We have an interesting schedule featuring many different types of programs. Check out our conference website for more information and to register.

Brett Burney will be our special guest, teaching classes on Everything a Small Firm Lawyer Needs to Know About Electronic Discovery and How to Collect, Preserve & Produce Text Messages from Mobile Devices, as well as joining the panel for 60 tips. If you have heard Brett speak before, you know you are in for a very informative program.

Kenton S. Brice, Director of Technology Innovation at the University of Oklahoma College of Law will be teaching Document Generation Workflows and Why They Matter along with Evaluating Technology Tools | A Toolkit for Legal Professionals. Those two programs along should be worth the price of registration.

Martha Londagin, with Startup Junkie, is joining us to talk about the role small firm lawyers can have representing start-ups and other entrepreneurs. Her session title is Connecting with Emerging Entrepreneur Ecosystems to Grow Your Practice.

Professor Robert G. Spector will be joining us again for his signature program Recent Developments in Family Law as well as another session on Dealing with Relocations and Custody Modifications.

Our programming ranges from the Nuances of Representing Tax-Exempt Organizations  to the Uniform Parentage Act from Estate and Transition Planning for Business Owners to the Basics of Budgeting and Business Planning and from Coping with Conflicts of Interest to the Future of Law. We have a great group of conference sponsors, including co-producer Oklahoma Attorneys Mutual Insurance company and Gold sponsors,  Clio and PracticePanther

But there is lots of time for fun, including our Friday night Great Gatsby-themed party. Oklahoma lawyers. Start shopping for your Roaring 20’s outfit now!  We recommend early registration and hotel reservations to make certain you are not left out.
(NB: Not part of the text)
(* Let $s\ge1$, let $q$ be a prime power, let $\mathbf{T}:\mathbb{N}_0\to\mathbb{N}_0$ with $\mathbf{T}(m)\le m$, and let $C^{(1)},\ldots,C^{(s)}\in\mathbb{F}_q^{\mathbb{N}\times\mathbb{N}_0}$ be finite-row generating matrices satisfying the following condition: for every $m$ with $m>\mathbf{T}(m)$ and all integers $d_1,\ldots,d_s\ge0$ with $1\le d_1+\cdots+d_s\le m-\mathbf{T}(m)$, the $(d_1+\cdots+d_s)\times m$ matrix over $\mathbb{F}_q$ with rows $(c^{(i)}_{j,0},\ldots,c^{(i)}_{j,m-1})$, $1\le j\le d_i$, $1\le i\le s$, has rank $d_1+\cdots+d_s$. Let $\alpha$ be a $q$-adic integer with representation $\alpha=\sum_{i\ge0}a_iq^i$ and let $s_n=n+\alpha$ ($n\ge0$). Let $\mathcal{S}$ be the sequence produced by Algorithm 2 with these matrices, the input $(s_n)$, and any choice of bijections $\psi_r,\lambda_{i,j}$. Then for every $N\ge1$, $$N D_N^*(\mathcal{S})\le (q-a_0)\Delta_q(\mathbf{T}(0),0,s)+\sum_{j=1}^{r-1}(q-1-a_j)\Delta_q(\mathbf{T}(j),j,s)+\sum_{j=0}^{r}b_j\Delta_q(\mathbf{T}(j),j,s),$$ where $r=\lfloor\log_q N\rfloor$ and $\sum_{j=0}^rb_jq^j$ is the base $q$ representation of $N'=N-q^r+\sum_{j=0}^{r-1}a_jq^j$.
   Context: $\mathbb{F}_q$ is the finite field with $q$ elements, $D_q=\{0,\ldots,q-1\}$; $\mathbb{Z}_q$ is the ring of $q$-adic integers, each $z\in\mathbb{Z}_q$ having a unique representation $z=\sum_{r\ge0}a_rq^r$, $a_r\in D_q$. A matrix $(c^{(i)}_{j,r})_{j\ge1,r\ge0}$ is finite-row if each row has finitely many nonzero entries. Algorithm 2: choose bijections $\psi_r:D_q\to\mathbb{F}_q$ ($r\ge0$), finite-row matrices $C^{(i)}=(c^{(i)}_{j,r})$, bijections $\lambda_{i,j}:\mathbb{F}_q\to D_q$ and $(s_n)$ in $\mathbb{Z}_q$; with $s_n=\sum_ra_r'q^r$ put $x_n^{(i)}=\sum_{j\ge1}\lambda_{i,j}(\sum_rc^{(i)}_{j,r}\psi_r(a_r'))q^{-j}$, $\boldsymbol{x}_n=(x_n^{(1)},\ldots,x_n^{(s)})\in[0,1]^s$. Star discrepancy: $D_N^*(\mathcal{S})=\sup_J|A(J)/N-\mathrm{vol}(J)|$, sup over subintervals $J\subseteq[0,1]^s$ with one vertex at the origin, $A(J)=\#\{0\le n<N:\boldsymbol{x}_n\in J\}$. Elementary interval in base $q$: $\prod_i[a_iq^{-d_i},(a_i+1)q^{-d_i})$, $d_i\ge0$, $0\le a_i<q^{d_i}$. For $0\le t\le m$, a $(t,m,s)$-net in base $q$ is a set of $q^m$ points in $[0,1)^s$ with exactly $q^t$ points in every elementary interval of volume $q^{t-m}$. $\Delta_q(t,m,s)$ denotes any quantity such that $q^mD^*_{q^m}(\mathcal{P})\le\Delta_q(t,m,s)$ for every $(t,m,s)$-net $\mathcal{P}$ in base $q$ (e.g. Niederreiter's bound $q^t\sum_{i=0}^{s-1}\binom{s-1}{i}\binom{m-t}{i}\lfloor q/2\rfloor^i$ for $q>2$). *)

theory Defs
  imports Complex_Main "Jordan_Normal_Form.DL_Rank"
begin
How to Build a Successful Solo Law Practice is our most recent Digital Edge podcast. Our guest Mark Bassingthwaighte. has been a Risk Manager with ALPS, the nation’s largest direct writer of lawyers’ malpractice insurance, since 1998.The podcast has been transcribed so you can either listen or read the transcript. Mark provides a lot of valuable tips about common mistakes made starting a  law practice. Many of the insights he shared are from the publication, The ALPS Guide to Getting Started Solo. Fair Warning to our listeners: You can receive a free copy of this publication from ALPS, but they make you jump through an inordinate amount of hoops to obtain it. Mark was a great guest with a massive store of knowledge.
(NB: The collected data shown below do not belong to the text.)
(* Let $H$ be the (complete) history of an execution of the SC-ABD algorithm (described in the context), let $H^{lt}$ be its logical-time history, let $x$ be a register, and let $o_1,o_2$ be operations in $H^{lt}|x$ such that $o_1$ contains an update phase and $o_2$ contains a query phase. If $o_1 <_{H^{lt}|x} o_2$, then $ts(o_1)\le ts(o_2)$.
   Context: System model: $n$ processes $p_1,\dots,p_n$, $\Pi=\{1,\dots,n\}$, asynchronous, reliable links, crash-stop failures, at most $f<n/2$ faulty processes. Registers hold integers, initially $0$; operations READ($r$), WRITE($r,v$); each process has at most one outstanding operation. A history is the sequence of invocation/response events ordered by real time; only complete histories are considered. $H|x$ is the subsequence of events of operations targeting register $x$. For operations $o_1,o_2$ in a sequence $G$ of events, $o_1<_G o_2$ means the response event of $o_1$ precedes the invocation event of $o_2$ in $G$. Algorithm SC-ABD (code for $p_i$). Local variables: logical clock $lt$ (initially $0$); request id $rid$ (initially $0$); map $tvps$ from registers to timestamp-value pairs, initially $((0,0),0)$; set $responses$ (initially empty); boolean $reading$; temporaries $rreg,rval$. Timestamps are pairs (integer, process id), compared lexicographically; timestamp-value pairs are compared by timestamp (then value). Every message carries the sender's current $lt$; "bcast $m$" means send $m$ to every $p_j$, $j\in\Pi$. Handlers: - READ($r$) invoked: $lt\gets lt+1$; $reading\gets true$; $rreg\gets r$; $rid\gets rid+1$; bcast ("query", $lt$, $rid$, $r$). - On ("query", $lt'$, $rid'$, $r$) from $p_j$: $lt\gets\max(lt,lt')+1$; send ("response", $lt$, $rid'$, $tvps[r]$) to $p_j$. - On ("response", $lt'$, $rid'$, $tsv'$) from $p_j$ with $rid=rid'$: $lt\gets\max(lt,lt')+1$; $responses\gets responses\cup\{(tsv',j)\}$; if $|responses|=\lfloor n/2\rfloor+1$: let $tsv=(ts,rval)$ be the received pair with maximal timestamp; $responses\gets\{\}$; $rid\gets rid+1$; bcast ("update", $lt$, $rid$, $rreg$, $tsv$). - WRITE($r,v$) invoked: $lt\gets lt+1$; $reading\gets false$; $tsv\gets((lt,i),v)$; $rid\gets rid+1$; bcast ("update", $lt$, $rid$, $r$, $tsv$). - On ("update", $lt'$, $rid'$, $r$, $tsv'$) from $p_j$: $lt\gets\max(lt,lt')+1$; $tvps[r]\gets\max(tvps[r],tsv')$; send ("ack", $lt$, $rid'$) to $p_j$. - On ("ack", $lt'$, $rid'$) from $p_j$ with $rid=rid'$: $lt\gets\max(lt,lt')+1$; $responses\gets responses\cup\{j\}$; if $|responses|=\lfloor n/2\rfloor+1$: $responses\gets\{\}$; $rid\gets rid+1$; if $reading$ return $rval$ else return OK. Phases: the query phase of a read is the broadcast of "query" messages and the collection of a majority of "response" messages; the update phase of an operation is the broadcast of "update" messages and the collection of a majority of "ack" messages. A write has only an update phase; a read has a query phase followed by an update phase. The timestamp $ts(o)$ of an operation $o$ is the timestamp in the pair broadcast in its update phase. Logical time: the logical time of a handler execution is the value assigned to $lt$ on its first line; the logical time of an invocation event is that of the invocation handler, and of a response event that of the handler that returns. The logical-time history $H^{lt}$ is the sequence of the events of $H$ reordered by their logical times, ties broken by the identifier of the process at which the event occurs. *)

theory Defs
  imports Main "HOL-Library.Multiset" "HOL-Library.Product_Lexorder"
begin

text \<open>Processes are 1..n; registers are identified by naturals; values are integers.
Timestamps are pairs (integer clock, process id) compared lexicographically
(Product_Lexorder); timestamp-value pairs are compared by timestamp, then value.\<close>

type_synonym pid = nat
type_synonym reg = nat
type_synonym tstamp = "nat \<times> nat"
type_synonym tsv = "tstamp \<times> int"

datatype msg =
    Query nat nat reg          (* lt, rid, register *)
  | Response nat nat tsv       (* lt, rid, pair *)
  | Update nat nat reg tsv     (* lt, rid, register, pair *)
  | Ack nat nat                (* lt, rid *)

datatype opkind = Rd reg | Wr reg int
datatype result = RVal int | ROK

fun op_reg :: "opkind \<Rightarrow> reg" where
  "op_reg (Rd r) = r" | "op_reg (Wr r v) = r"

text \<open>History events: process, per-process operation number, operation,
logical time of the event.\<close>
datatype event =
    EInv pid nat opkind nat
  | ERes pid nat opkind result nat

text \<open>Observations produced by steps: history events and (ghost) records of
the pair broadcast in the update phase of operation (p,k).\<close>
datatype obs = OEv event | OUpd pid nat tsv

record lstate =
  lt :: nat
  rid :: nat
  tvps :: "reg \<Rightarrow> tsv"
  qresps :: "(tsv \<times> pid) set"
  acks :: "pid set"
  reading :: bool
  rreg :: reg
  rval :: int
  busy :: bool                   (* ghost: an operation is outstanding *)
  opc :: nat                     (* ghost: number of invoked operations *)
  curop :: opkind                (* ghost: the outstanding operation *)

definition linit :: lstate where
  "linit = \<lparr> lt = 0, rid = 0, tvps = (\<lambda>_. ((0,0),0)), qresps = {}, acks = {},
            reading = False, rreg = 0, rval = 0, busy = False, opc = 0, curop = Rd 0 \<rparr>"

record gstate =
  locals :: "pid \<Rightarrow> lstate"
  net :: "(pid \<times> pid \<times> msg) multiset"   (* (sender, receiver, message) in transit *)
  crashed :: "pid set"

definition ginit :: gstate where
  "ginit = \<lparr> locals = (\<lambda>_. linit), net = {#}, crashed = {} \<rparr>"

datatype input = Invoke pid opkind | Deliver pid pid msg | Crash pid

definition bcast :: "nat \<Rightarrow> pid \<Rightarrow> msg \<Rightarrow> (pid \<times> pid \<times> msg) multiset" where
  "bcast n i m = mset (map (\<lambda>k. (i, k, m)) [1..<n+1])"

definition maj :: "nat \<Rightarrow> nat" where
  "maj n = n div 2 + 1"

text \<open>Handler of a delivered message m from j at process i, in local state l.
Returns new local state, messages sent, observations.\<close>
fun handle :: "nat \<Rightarrow> pid \<Rightarrow> pid \<Rightarrow> msg \<Rightarrow> lstate \<Rightarrow>
               lstate \<times> (pid \<times> pid \<times> msg) multiset \<times> obs list" where
  "handle n j i (Query lt' rid' r) l =
     (let t = max (lt l) lt' + 1 in
      (l\<lparr>lt := t\<rparr>, {# (i, j, Response t rid' (tvps l r)) #}, []))"
| "handle n j i (Response lt' rid' tsv') l =
     (if rid l = rid' then
        (let t = max (lt l) lt' + 1;
             R = qresps l \<union> {(tsv', j)} in
         if card R = maj n then
           (let tsv = Max (fst ` R) in
            (l\<lparr>lt := t, qresps := {}, rval := snd tsv, rid := rid l + 1\<rparr>,
             bcast n i (Update t (rid l + 1) (rreg l) tsv),
             [OUpd i (opc l) tsv]))
         else (l\<lparr>lt := t, qresps := R\<rparr>, {#}, []))
      else (l, {#}, []))"
| "handle n j i (Update lt' rid' r tsv') l =
     (let t = max (lt l) lt' + 1 in
      (l\<lparr>lt := t, tvps := (tvps l)(r := max (tvps l r) tsv')\<rparr>,
       {# (i, j, Ack t rid') #}, []))"
| "handle n j i (Ack lt' rid') l =
     (if rid l = rid' then
        (let t = max (lt l) lt' + 1;
             A = acks l \<union> {j} in
         if card A = maj n then
           (l\<lparr>lt := t, acks := {}, rid := rid l + 1, busy := False\<rparr>, {#},
            [OEv (ERes i (opc l) (curop l) (if reading l then RVal (rval l) else ROK) t)])
         else (l\<lparr>lt := t, acks := A\<rparr>, {#}, []))
      else (l, {#}, []))"

fun invoke :: "nat \<Rightarrow> pid \<Rightarrow> opkind \<Rightarrow> lstate \<Rightarrow>
               lstate \<times> (pid \<times> pid \<times> msg) multiset \<times> obs list" where
  "invoke n i (Rd r) l =
     (let t = lt l + 1; k = opc l + 1 in
      (l\<lparr>lt := t, reading := True, rreg := r, rid := rid l + 1,
         busy := True, opc := k, curop := Rd r\<rparr>,
       bcast n i (Query t (rid l + 1) r),
       [OEv (EInv i k (Rd r) t)]))"
| "invoke n i (Wr r v) l =
     (let t = lt l + 1; k = opc l + 1; tsv = ((t, i), v) in
      (l\<lparr>lt := t, reading := False, rid := rid l + 1,
         busy := True, opc := k, curop := Wr r v\<rparr>,
       bcast n i (Update t (rid l + 1) r tsv),
       [OEv (EInv i k (Wr r v) t), OUpd i k tsv]))"

text \<open>One step of the asynchronous system with n processes and at most f crashes.
None means the input is not enabled.\<close>
fun step :: "nat \<Rightarrow> nat \<Rightarrow> gstate \<Rightarrow> input \<Rightarrow> (gstate \<times> obs list) option" where
  "step n f s (Invoke i op) =
     (if i \<in> {1..n} \<and> i \<notin> crashed s \<and> \<not> busy (locals s i) then
        (case invoke n i op (locals s i) of (l', ms, os) \<Rightarrow>
           Some (s\<lparr>locals := (locals s)(i := l'), net := net s + ms\<rparr>, os))
      else None)"
| "step n f s (Deliver j i m) =
     (if (j, i, m) \<in># net s \<and> i \<notin> crashed s then
        (case handle n j i m (locals s i) of (l', ms, os) \<Rightarrow>
           Some (s\<lparr>locals := (locals s)(i := l'),
                   net := (net s - {# (j, i, m) #}) + ms\<rparr>, os))
      else None)"
| "step n f s (Crash i) =
     (if i \<in> {1..n} \<and> i \<notin> crashed s \<and> card (crashed s) < f then
        Some (s\<lparr>crashed := crashed s \<union> {i}\<rparr>, [])
      else None)"

fun execs :: "nat \<Rightarrow> nat \<Rightarrow> gstate \<Rightarrow> input list \<Rightarrow> (gstate \<times> obs list) option" where
  "execs n f s [] = Some (s, [])"
| "execs n f s (x # xs) =
     (case step n f s x of
        None \<Rightarrow> None
      | Some (s', os) \<Rightarrow>
          (case execs n f s' xs of
             None \<Rightarrow> None
           | Some (s'', os') \<Rightarrow> Some (s'', os @ os')))"

text \<open>The history H: events in real-time (step) order.\<close>
definition hist :: "obs list \<Rightarrow> event list" where
  "hist os = [e. OEv e \<leftarrow> os]"

fun ev_lt :: "event \<Rightarrow> nat" where
  "ev_lt (EInv p k op t) = t" | "ev_lt (ERes p k op r t) = t"
fun ev_proc :: "event \<Rightarrow> pid" where
  "ev_proc (EInv p k op t) = p" | "ev_proc (ERes p k op r t) = p"
fun ev_opkind :: "event \<Rightarrow> opkind" where
  "ev_opkind (EInv p k op t) = op" | "ev_opkind (ERes p k op r t) = op"
fun ev_opid :: "event \<Rightarrow> pid \<times> nat" where
  "ev_opid (EInv p k op t) = (p, k)" | "ev_opid (ERes p k op r t) = (p, k)"

definition ev_reg :: "event \<Rightarrow> reg" where
  "ev_reg e = op_reg (ev_opkind e)"

fun is_inv_of :: "event \<Rightarrow> pid \<times> nat \<Rightarrow> bool" where
  "is_inv_of (EInv p k op t) op_id = ((p, k) = op_id)" | "is_inv_of (ERes p k op r t) op_id = False"
fun is_res_of :: "event \<Rightarrow> pid \<times> nat \<Rightarrow> bool" where
  "is_res_of (EInv p k op t) op_id = False" | "is_res_of (ERes p k op r t) op_id = ((p, k) = op_id)"

definition complete :: "event list \<Rightarrow> bool" where
  "complete H \<longleftrightarrow> (\<forall>e \<in> set H. \<forall>op_id. is_inv_of e op_id \<longrightarrow> (\<exists>e' \<in> set H. is_res_of e' op_id))"

definition Hlt :: "event list \<Rightarrow> event list" where
  "Hlt H = sort_key (\<lambda>e. (ev_lt e, ev_proc e)) H"

definition restr :: "reg \<Rightarrow> event list \<Rightarrow> event list" where
  "restr x H = filter (\<lambda>e. ev_reg e = x) H"

definition op_in :: "event list \<Rightarrow> pid \<times> nat \<Rightarrow> bool" where
  "op_in G op_id \<longleftrightarrow> (\<exists>e \<in> set G. ev_opid e = op_id)"

definition prec :: "event list \<Rightarrow> pid \<times> nat \<Rightarrow> pid \<times> nat \<Rightarrow> bool" where
  "prec G o1 o2 \<longleftrightarrow> (\<exists>i j. i < j \<and> j < length G \<and> is_res_of (G ! i) o1 \<and> is_inv_of (G ! j) o2)"

definition has_update_phase :: "obs list \<Rightarrow> pid \<times> nat \<Rightarrow> bool" where
  "has_update_phase os op_id \<longleftrightarrow> (\<exists>tsv. OUpd (fst op_id) (snd op_id) tsv \<in> set os)"

definition has_query_phase :: "event list \<Rightarrow> pid \<times> nat \<Rightarrow> bool" where
  "has_query_phase H op_id \<longleftrightarrow> (\<exists>e \<in> set H. is_inv_of e op_id \<and> (\<exists>r. ev_opkind e = Rd r))"

definition ts_of :: "obs list \<Rightarrow> pid \<times> nat \<Rightarrow> tstamp" where
  "ts_of os op_id = fst (THE tsv. OUpd (fst op_id) (snd op_id) tsv \<in> set os)"

end

theory Submission
  imports Defs
begin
In related news, we at the Oklahoma Bar Association Management Assistance Program just finished teaching our semi-annual class for new lawyers on Opening Your Law Practice a few days ago. Our Opening Your Law Practice Resource Page contains many free resources. We also publish a Closing Your Law Practice Resource page as well, for those at a different stage of their career.

I think it is very important for lawyers who practice People Law, those primarily representing individuals, to appreciate that the differences between that and more business-oriented types of practices are increasing.

Today these areas are becoming completely different service delivery models. There was a time when a law firm handled its matters in the same way whether the client was an individual or a business. Today that is short-sighted. For future success, the firm should design processes to comfort and inform those who have never dealt with a legal process before as well as accomplishing the legal goals of the representation.

This month in the Oklahoma Bar Journal I wrote The Practice of People Law to outline some of the techniques a lawyer might consider. If your firm delivers services to both types of clients, I’d still encourage you to read this column and see what changes to the consumer side may improve the process and convert clients from one-time engagements to “You’re my lawyers if I need one again.”.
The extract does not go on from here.